───── Exercise data ─────

lemma ext_vertices_union_in_K:
  assumes "\<rho> \<in> K" "card \<rho> = r"
  shows "\<rho> \<union> ext_vertices \<rho> \<in> K"
proof -
  have insert_in_K: "insert v \<rho> \<in> K" if "v \<in> \<rho> \<union> ext_vertices \<rho>" for v
    using that assms(1) unfolding ext_vertices_def by (auto simp: insert_absorb)
  have join: "insert v \<rho> \<union> insert w \<rho> \<in> K" if "v \<in> \<rho> \<union> ext_vertices \<rho>" "w \<in> \<rho> \<union> ext_vertices \<rho>" for v w
  proof (cases "v \<in> \<rho> \<or> w \<in> \<rho>")
    case True
    then show ?thesis using insert_in_K that assms(1) by (auto simp: insert_absorb)
  next
    case False
    with that have "v \<in> ext_vertices \<rho>" "w \<in> ext_vertices \<rho>" by simp_all
    then have "insert v \<rho> \<in> K" "insert w \<rho> \<in> K" "mu R (insert v \<rho>) = mu R (insert w \<rho>)"
      unfolding ext_vertices_def by simp_all
    moreover have "dim (insert v \<rho>) = int r" "dim (insert w \<rho>) = int r"
      using False assms(2) finite_simplex[OF assms(1)] by (simp_all add: dim_def)
    ultimately show ?thesis using joinable by presburger
  qed
  have edges: "{v, w} \<in> K" if "v \<in> \<rho> \<union> ext_vertices \<rho>" "w \<in> \<rho> \<union> ext_vertices \<rho>" for v w
    using join[OF that] by (rule face_in_K) blast
  have "\<rho> \<union> ext_vertices \<rho> \<subseteq> \<Union>K"
    using assms(1) insert_in_K by blast
  moreover from this have "finite (\<rho> \<union> ext_vertices \<rho>)"
    using finite_vertices finite_subset by blast
  moreover have "\<forall>S. finite S \<longrightarrow> S \<subseteq> \<Union>K \<longrightarrow> (\<forall>v\<in>S. \<forall>w\<in>S. v \<noteq> w \<longrightarrow> {v, w} \<in> K) \<longrightarrow> S \<in> K"
    using flag unfolding flag_complex_def by simp
  ultimately show ?thesis using edges by simp
qed

lemma cell_subset_K:
  assumes "\<rho> \<in> K" "card \<rho> = r" "\<alpha> \<in> cell \<rho>"
  shows "\<alpha> \<in> K"
  using face_in_K[OF ext_vertices_union_in_K[OF assms(1,2)]] assms(3) unfolding cell_def by simp

definition top_face :: "'a set \<Rightarrow> 'a set" where
  "top_face \<alpha> = (THE \<rho>. greatest_in R {\<rho>. \<rho> \<subseteq> \<alpha> \<and> card \<rho> = r} \<rho>)"

lemma r_faces_subset_K: "\<alpha> \<in> K \<Longrightarrow> {\<rho>. \<rho> \<subseteq> \<alpha> \<and> card \<rho> = r} \<subseteq> K"
  using face_in_K by auto

lemma top_face_eqI:
  "\<alpha> \<in> K \<Longrightarrow> greatest_in R {\<rho>. \<rho> \<subseteq> \<alpha> \<and> card \<rho> = r} \<rho> \<Longrightarrow> top_face \<alpha> = \<rho>"
  unfolding top_face_def using greatest_in_The[OF linear_order r_faces_subset_K] by blast

lemma top_face_greatest:
  assumes "\<alpha> \<in> K" "r \<le> card \<alpha>"
  shows "greatest_in R {\<rho>. \<rho> \<subseteq> \<alpha> \<and> card \<rho> = r} (top_face \<alpha>)"
proof -
  have "finite {\<rho>. \<rho> \<subseteq> \<alpha> \<and> card \<rho> = r}"
    using finite_simplex[OF assms(1)] by simp
  moreover have "{\<rho>. \<rho> \<subseteq> \<alpha> \<and> card \<rho> = r} \<noteq> {}"
    using obtain_subset_with_card_n[OF assms(2)] by blast
  ultimately obtain \<rho> where "greatest_in R {\<rho>. \<rho> \<subseteq> \<alpha> \<and> card \<rho> = r} \<rho>"
    using greatest_in_exists[OF linear_order] r_faces_subset_K[OF assms(1)] by blast
  then show ?thesis using top_face_eqI[OF assms(1)] by simp
qed

lemma top_face_cell:
  assumes "\<rho> \<in> K" "card \<rho> = r" "\<alpha> \<in> cell \<rho>"
  shows "top_face \<alpha> = \<rho>"
proof (rule top_face_eqI)
  show "\<alpha> \<in> K" using cell_subset_K assms by blast
  have "(\<rho>, F) \<in> R" if "F \<subseteq> \<alpha>" "card F = r" "F \<noteq> \<rho>" for F
    using greatest_face_in_cell[OF assms(2) \<open>\<alpha> \<in> K\<close> assms(3) that] .
  with assms(2,3) show "greatest_in R {\<rho>. \<rho> \<subseteq> \<alpha> \<and> card \<rho> = r} \<rho>"
    unfolding greatest_in_def cell_def by blast
qed

lemma cell_top_face:
  assumes "\<alpha> \<in> K" "r \<le> card \<alpha>"
  shows "\<alpha> \<in> cell (top_face \<alpha>)"
proof -
  define \<rho> where "\<rho> = top_face \<alpha>"
  have \<rho>: "greatest_in R {\<rho>. \<rho> \<subseteq> \<alpha> \<and> card \<rho> = r} \<rho>"
    using top_face_greatest[OF assms] \<rho>_def by simp
  have "u \<in> ext_vertices \<rho>" if u: "u \<in> \<alpha>" "u \<notin> \<rho>" for u
  proof -
    have sub: "insert u \<rho> \<subseteq> \<alpha>" using \<rho> u(1) unfolding greatest_in_def by blast
    then have in_K: "insert u \<rho> \<in> K" by (rule face_in_K[OF assms(1)])
    have "card \<rho> = r" "finite \<rho>"
      using \<rho> finite_simplex[OF in_K] unfolding greatest_in_def by simp_all
    have "(\<rho>, t) \<in> R" if t: "t \<in> facets (insert u \<rho>)" "t \<noteq> \<rho>" for t
    proof -
      obtain z where z: "z \<in> insert u \<rho>" "t = insert u \<rho> - {z}"
        using t(1) unfolding facets_def by blast
      have "card (insert u \<rho>) = Suc r" using \<open>card \<rho> = r\<close> \<open>finite \<rho>\<close> u(2) by simp
      then have "card t = r" using z \<open>finite \<rho>\<close> by simp
      moreover have "t \<subseteq> \<alpha>" using sub z(2) by blast
      ultimately show ?thesis using \<rho> t(2) unfolding greatest_in_def by blast
    qed
    then have "mu R (insert u \<rho>) = \<rho>"
      using mu_eqI[OF in_K] facets_insert[OF u(2)] unfolding greatest_in_def by blast
    with u(2) in_K show ?thesis unfolding ext_vertices_def by simp
  qed
  moreover have "\<rho> \<subseteq> \<alpha>" using \<rho> unfolding greatest_in_def by blast
  ultimately show ?thesis unfolding cell_def \<rho>_def[symmetric] by blast
qed

definition pivotal :: "'a set \<Rightarrow> bool" where
  "pivotal \<rho> \<longleftrightarrow> \<rho> \<in> K \<and> card \<rho> = r \<and> ext_vertices \<rho> \<noteq> {}"

definition pivot :: "'a set \<Rightarrow> 'a" where
  "pivot \<rho> = (SOME u. u \<in> ext_vertices \<rho>)"

definition matching :: "('a set \<times> 'a set) set" where
  "matching = {(insert (pivot \<rho>) \<beta>, \<beta>) | \<rho> \<beta>. pivotal \<rho> \<and> \<beta> \<in> cell \<rho> \<and> pivot \<rho> \<notin> \<beta>}"

definition matched :: "'a set set" where
  "matched = (\<Union>q\<in>matching. {fst q, snd q})"

definition matching_pair :: "'a set \<Rightarrow> 'a set \<times> 'a set" where
  "matching_pair \<alpha> = (if pivot (top_face \<alpha>) \<in> \<alpha> then (\<alpha>, \<alpha> - {pivot (top_face \<alpha>)})
     else (insert (pivot (top_face \<alpha>)) \<alpha>, \<alpha>))"

lemma pivot_ext_vertex: "pivotal \<rho> \<Longrightarrow> pivot \<rho> \<in> ext_vertices \<rho>"
  unfolding pivotal_def pivot_def by (simp add: some_in_eq)

lemma pivot_notin: "pivotal \<rho> \<Longrightarrow> pivot \<rho> \<notin> \<rho>"
  using pivot_ext_vertex unfolding ext_vertices_def by blast

lemma matchingE:
  assumes "q \<in> matching"
  obtains \<rho> \<beta> where "q = (insert (pivot \<rho>) \<beta>, \<beta>)" "pivotal \<rho>" "\<beta> \<in> cell \<rho>" "pivot \<rho> \<notin> \<beta>"
  using assms unfolding matching_def by blast

lemma matching_pair_in_cell:
  assumes "q \<in> matching" "\<alpha> \<in> {fst q, snd q}"
  obtains \<rho> where "pivotal \<rho>" "\<alpha> \<in> cell \<rho>" "snd q \<in> cell \<rho>" "top_face \<alpha> = \<rho>"
    "q = matching_pair \<alpha>"
proof -
  obtain \<rho> \<beta> where q: "q = (insert (pivot \<rho>) \<beta>, \<beta>)" "pivotal \<rho>" "\<beta> \<in> cell \<rho>" "pivot \<rho> \<notin> \<beta>"
    using assms(1) by (rule matchingE)
  have "\<alpha> \<in> cell \<rho>" using assms(2) q pivot_ext_vertex unfolding cell_def by auto
  moreover from this have "top_face \<alpha> = \<rho>"
    using top_face_cell q(2) unfolding pivotal_def by blast
  moreover have "q = matching_pair \<alpha>"
    using assms(2) q \<open>top_face \<alpha> = \<rho>\<close> by (auto simp: matching_pair_def)
  moreover have "snd q \<in> cell \<rho>" using q(1,3) by simp
  ultimately show ?thesis using that q(2) by blast
qed

lemma matching_pair_in_matching:
  assumes "pivotal \<rho>" "\<alpha> \<in> cell \<rho>"
  shows "matching_pair \<alpha> \<in> matching" "\<alpha> \<in> {fst (matching_pair \<alpha>), snd (matching_pair \<alpha>)}"
proof -
  have top: "top_face \<alpha> = \<rho>" using top_face_cell assms unfolding pivotal_def by blast
  show "matching_pair \<alpha> \<in> matching"
  proof (cases "pivot \<rho> \<in> \<alpha>")
    case True
    moreover have "\<alpha> - {pivot \<rho>} \<in> cell \<rho>"
      using assms pivot_notin unfolding cell_def by blast
    ultimately show ?thesis
      unfolding matching_pair_def matching_def top using assms(1) insert_Diff by fastforce
  next
    case False
    then show ?thesis unfolding matching_pair_def matching_def top using assms by auto
  qed
  show "\<alpha> \<in> {fst (matching_pair \<alpha>), snd (matching_pair \<alpha>)}"
    unfolding matching_pair_def by simp
qed

lemma matched_in_K:
  assumes "\<alpha> \<in> matched"
  shows "\<alpha> \<in> K" "r \<le> card \<alpha>"
proof -
  obtain q where "q \<in> matching" "\<alpha> \<in> {fst q, snd q}"
    using assms unfolding matched_def by blast
  then obtain \<rho> where "pivotal \<rho>" "\<alpha> \<in> cell \<rho>"
    by (rule matching_pair_in_cell)
  then have \<rho>: "\<rho> \<in> K" "card \<rho> = r" "\<rho> \<subseteq> \<alpha>" unfolding pivotal_def cell_def by simp_all
  then show "\<alpha> \<in> K" using cell_subset_K \<open>\<alpha> \<in> cell \<rho>\<close> by blast
  then show "r \<le> card \<alpha>" using \<rho> card_mono finite_simplex by metis
qed

lemma matched_if_card_gt:
  assumes "\<alpha> \<in> K" "r < card \<alpha>"
  shows "\<alpha> \<in> matched"
proof -
  define \<rho> where "\<rho> = top_face \<alpha>"
  have cell: "\<alpha> \<in> cell \<rho>" using cell_top_face assms \<rho>_def by simp
  have "\<rho> \<in> K" "card \<rho> = r" "\<rho> \<subseteq> \<alpha>"
    using top_face_greatest[of \<alpha>] assms face_in_K unfolding \<rho>_def greatest_in_def by auto
  then have "\<rho> \<noteq> \<alpha>" using assms(2) by blast
  then have "ext_vertices \<rho> \<noteq> {}" using cell \<open>\<rho> \<subseteq> \<alpha>\<close> unfolding cell_def by blast
  then have "pivotal \<rho>" using \<open>\<rho> \<in> K\<close> \<open>card \<rho> = r\<close> unfolding pivotal_def by simp
  then show ?thesis
    using matching_pair_in_matching[OF _ cell] unfolding matched_def by blast
qed

lemma unmatched_card_le: "\<sigma> \<in> K - matched \<Longrightarrow> card \<sigma> \<le> r"
  using matched_if_card_gt by fastforce

lemma unmatched_subcomplex: "simplicial_complex (K - matched)"
  unfolding simplicial_complex_def
proof (intro conjI ballI allI impI)
  show "finite (K - matched)" using finite_complex by simp
  show "finite \<sigma>" if "\<sigma> \<in> K - matched" for \<sigma> using that finite_simplex by simp
  show "{} \<in> K - matched"
    using complex matched_in_K(2)[of "{}"] r_pos unfolding simplicial_complex_def by auto
  show "\<tau> \<in> K - matched" if "\<sigma> \<in> K - matched" "\<tau> \<subseteq> \<sigma>" for \<sigma> \<tau>
  proof -
    have "\<tau> \<in> K" using that face_in_K by blast
    moreover have "\<tau> \<notin> matched"
    proof
      assume "\<tau> \<in> matched"
      have "finite \<sigma>" using that(1) finite_simplex by simp
      have "r \<le> card \<tau>" using \<open>\<tau> \<in> matched\<close> by (rule matched_in_K)
      moreover have "card \<tau> \<le> card \<sigma>" using card_mono[OF \<open>finite \<sigma>\<close> that(2)] .
      moreover have "card \<sigma> \<le> r" using unmatched_card_le that(1) .
      ultimately have "\<tau> = \<sigma>" using card_subset_eq[OF \<open>finite \<sigma>\<close> that(2)] by simp
      with \<open>\<tau> \<in> matched\<close> that(1) show False by simp
    qed
    ultimately show ?thesis by blast
  qed
qed

lemma finite_matching: "finite matching"
proof (rule finite_subset)
  show "matching \<subseteq> K \<times> K"
    using matched_in_K(1) unfolding matched_def by fastforce
  show "finite (K \<times> K)" using finite_complex by simp
qed

lemma matching_facet:
  assumes "q \<in> matching"
  shows "snd q \<in> facets (fst q)" "snd q \<noteq> {}"
proof -
  obtain \<rho> \<beta> where q: "q = (insert (pivot \<rho>) \<beta>, \<beta>)" "pivotal \<rho>" "\<beta> \<in> cell \<rho>" "pivot \<rho> \<notin> \<beta>"
    using assms by (rule matchingE)
  show "snd q \<in> facets (fst q)" using q(1,4) facets_insert by simp
  have "\<rho> \<noteq> {}" using q(2) r_pos unfolding pivotal_def by auto
  then show "snd q \<noteq> {}" using q(1,3) unfolding cell_def by auto
qed

lemma matching_disjoint: "disjoint_family_on (\<lambda>q. {fst q, snd q}) matching"
  unfolding disjoint_family_on_def
proof (intro ballI impI)
  fix q q' assume "q \<in> matching" "q' \<in> matching" "q \<noteq> q'"
  show "{fst q, snd q} \<inter> {fst q', snd q'} = {}"
  proof (rule ccontr)
    assume "{fst q, snd q} \<inter> {fst q', snd q'} \<noteq> {}"
    then obtain \<alpha> where "\<alpha> \<in> {fst q, snd q}" "\<alpha> \<in> {fst q', snd q'}" by blast
    then have "q = matching_pair \<alpha>" "q' = matching_pair \<alpha>"
      using matching_pair_in_cell \<open>q \<in> matching\<close> \<open>q' \<in> matching\<close> by metis+
    with \<open>q \<noteq> q'\<close> show False by simp
  qed
qed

─────

Your task
Exactly reproduce the lines that run from the line with "ultimately show ?thesis by blast" through the last line of the records, inclusive.

Solution to the problem
    ultimately show ?thesis by blast
  qed
qed

lemma finite_matching: "finite matching"
proof (rule finite_subset)
  show "matching \<subseteq> K \<times> K"
    using matched_in_K(1) unfolding matched_def by fastforce
  show "finite (K \<times> K)" using finite_complex by simp
qed

lemma matching_facet:
  assumes "q \<in> matching"
  shows "snd q \<in> facets (fst q)" "snd q \<noteq> {}"
proof -
  obtain \<rho> \<beta> where q: "q = (insert (pivot \<rho>) \<beta>, \<beta>)" "pivotal \<rho>" "\<beta> \<in> cell \<rho>" "pivot \<rho> \<notin> \<beta>"
    using assms by (rule matchingE)
  show "snd q \<in> facets (fst q)" using q(1,4) facets_insert by simp
  have "\<rho> \<noteq> {}" using q(2) r_pos unfolding pivotal_def by auto
  then show "snd q \<noteq> {}" using q(1,3) unfolding cell_def by auto
qed

lemma matching_disjoint: "disjoint_family_on (\<lambda>q. {fst q, snd q}) matching"
  unfolding disjoint_family_on_def
proof (intro ballI impI)
  fix q q' assume "q \<in> matching" "q' \<in> matching" "q \<noteq> q'"
  show "{fst q, snd q} \<inter> {fst q', snd q'} = {}"
  proof (rule ccontr)
    assume "{fst q, snd q} \<inter> {fst q', snd q'} \<noteq> {}"
    then obtain \<alpha> where "\<alpha> \<in> {fst q, snd q}" "\<alpha> \<in> {fst q', snd q'}" by blast
    then have "q = matching_pair \<alpha>" "q' = matching_pair \<alpha>"
      using matching_pair_in_cell \<open>q \<in> matching\<close> \<open>q' \<in> matching\<close> by metis+
    with \<open>q \<noteq> q'\<close> show False by simp
  qed
qed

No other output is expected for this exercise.